Seminararbeit 2005 21 Seiten

Politik - Politische Systeme - Politisches System Deutschlands

Leseprobe

Inhaltsverzeichnis

1. Einleitung

2. Herkunft des Wortes Lobbyismus

3. Pluralismus/Korporatismus
3.1. Verbände und der Pluralismus
3.2. Verbände und der Korporatismus

4. Bedeutung der Verbände für die BRD

5. Typologie der Verbände (BRD)

6. Adressaten und Methoden des Verbandseinflusses in der Bundesrepublik Deutschland

7. Bedeutung der Verbände für die USA

8. Typologie der Verbände (USA)

9. Adressaten und Methoden des Lobbyismus in den Vereinigten Staaten

10. Nutzen für beide Regierungen

11. Gegenüberstellung BRD/USA

12. Fazit

13. Quellennachweis

1. Einleitung

In den letzten Monaten vermehrte sich die Anzahl der Berichte in Zeitungen, Fernsehen und anderen Massenmedien über Lobbyismus in Deutschland. Es entstand eine hitzige Diskussion ob Politiker berechtigt sind von Unternehmen Lohn zu erhalten.
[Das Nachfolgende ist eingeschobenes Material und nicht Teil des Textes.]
(* Let $\tau$ be a uniformly random permutation of $\{1,\dots,n\}$ and let $S_n$ be the number of steps of the greedy walk from $1$ to $n$ in $G_n$ (as in the context), and $L_n=L_n(\tau)$, $R_n=R_n(\tau)$. Then \[ \mathbb{E}[S_n]=2H_n-2 = 2\log n+2\gamma-2+o(1), \] and \[ \operatorname{Var}(S_n)=2\Bigl(H_n-\sum_{i=1}^n\frac1{i^2}\Bigr)+2\operatorname{Cov}(L_n,R_n)=2\log n+O(1), \] where $H_n=\sum_{i=1}^n 1/i$, $\gamma$ is Euler's constant and $\log$ is the natural logarithm.
   Context: Vertices $V=\{1,\dots,n\}\subset\mathbb{Z}$. A permutation $\tau$ of $V$ gives insertion times: vertex $x$ is inserted at time $\tau(x)$. The undirected graph $G_n$ on $V$ is built as follows: start with no edges; for $t=1,\dots,n$, let $x$ be the vertex with $\tau(x)=t$; if some $y<x$ with $\tau(y)<t$ exists, add an edge between $x$ and the largest such $y$; if some $y>x$ with $\tau(y)<t$ exists, add an edge between $x$ and the smallest such $y$. The greedy walk toward target $n$ starts at $x_0=1$ and, from the current vertex $x\ne n$, moves to the neighbor $y$ of $x$ minimizing $|y-n|$, stopping at $n$; $S_n$ is its number of moves. For a permutation $\sigma$ of $\{1,\dots,n\}$, position $i$ is a left-to-right minimum if $\sigma(i)<\min\{\sigma(1),\dots,\sigma(i-1)\}$ ($i=1$ always is), and a right-to-left minimum if $\sigma(i)<\min\{\sigma(i+1),\dots,\sigma(n)\}$ ($i=n$ always is); $L_n(\sigma)$, $R_n(\sigma)$ count them. *)

theory Defs
  imports "HOL-Analysis.Analysis" "HOL-Combinatorics.Permutations" "HOL-Library.Landau_Symbols"
begin

text \<open>Vertices are 1..n (as naturals); tau x is the insertion time of vertex x.\<close>

definition perms :: "nat \<Rightarrow> (nat \<Rightarrow> nat) set" where
  "perms n = {\<tau>. \<tau> permutes {1..n}}"

definition inserted_edge :: "nat \<Rightarrow> (nat \<Rightarrow> nat) \<Rightarrow> nat \<Rightarrow> nat \<Rightarrow> bool" where
  "inserted_edge n \<tau> x y \<longleftrightarrow> x \<in> {1..n} \<and> y \<in> {1..n} \<and> \<tau> y < \<tau> x \<and>
     ((y < x \<and> (\<forall>z. y < z \<and> z < x \<longrightarrow> \<not> \<tau> z < \<tau> x)) \<or>
      (x < y \<and> (\<forall>z. x < z \<and> z < y \<longrightarrow> \<not> \<tau> z < \<tau> x)))"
Besonders bedenklich wurde es, als herauskam, dass manche Politiker diese Tätigkeit nicht, wie sie verpflichtet gewesen wären, im Bundestag angegeben haben, oder gar ohne Gegenleistung - also Arbeitsleistung - ihr Gehalt bezogen haben. Der Grund, warum diese Themen erst durch Skandale aufgegriffen werden und dann in solcher Vehemenz die Bevölkerung berühren, liegt zum einen in der Verdecktheit, in der Verbände ihre Tätigkeiten ausüben. Zum anderen an dem mangelnden Interesse, das die Bürger selbst ihrer Regierung und dem damit verbundenen System entgegenbringen. Keine noch so gute Regierung könnte aber ohne die volksnahen und sachkundigen Verbände ihrem Geschäft nachgehen. In den USA sind die Verbände teilweise mächtiger als die beiden großen Parteien. Verbände stehen manchmal der öffentlichen Meinung konträr gegenüber, oft gelingt es ihnen jedoch diese Meinung zu ihrem Nutzen zu beeinflussen. Wie also funktionieren diese Verbände der USA und der BRD? Welche Unterschiede bestehen zwischen dem Verhalten der Lobbyisten in den Vereinigten Staaten und denen in der Bundesrepublik? Dieser Frage möchte ich in dieser Arbeit nachgehen, wozu zuerst einmal der deutsche Lobbyismus in Bezug zum amerikanischen gesetzt werden muss. Die unterschiedlichen Systeme werden dargestellt und der Versuch angestrebt einen Vergleich zu ziehen. Dazu mussten natürlich Gesichtspunkte, die nur auf ein System zutreffen, außen vor bleiben. Sie wurden nur einbezogen, sofern sich ein adäquates Gegenstück im jeweils anderen System finden lies. Jedoch erschien mir eine genauere Beleuchtung der uns Europäern meist unbekannten amerikanischen Verbände als sinnvoll.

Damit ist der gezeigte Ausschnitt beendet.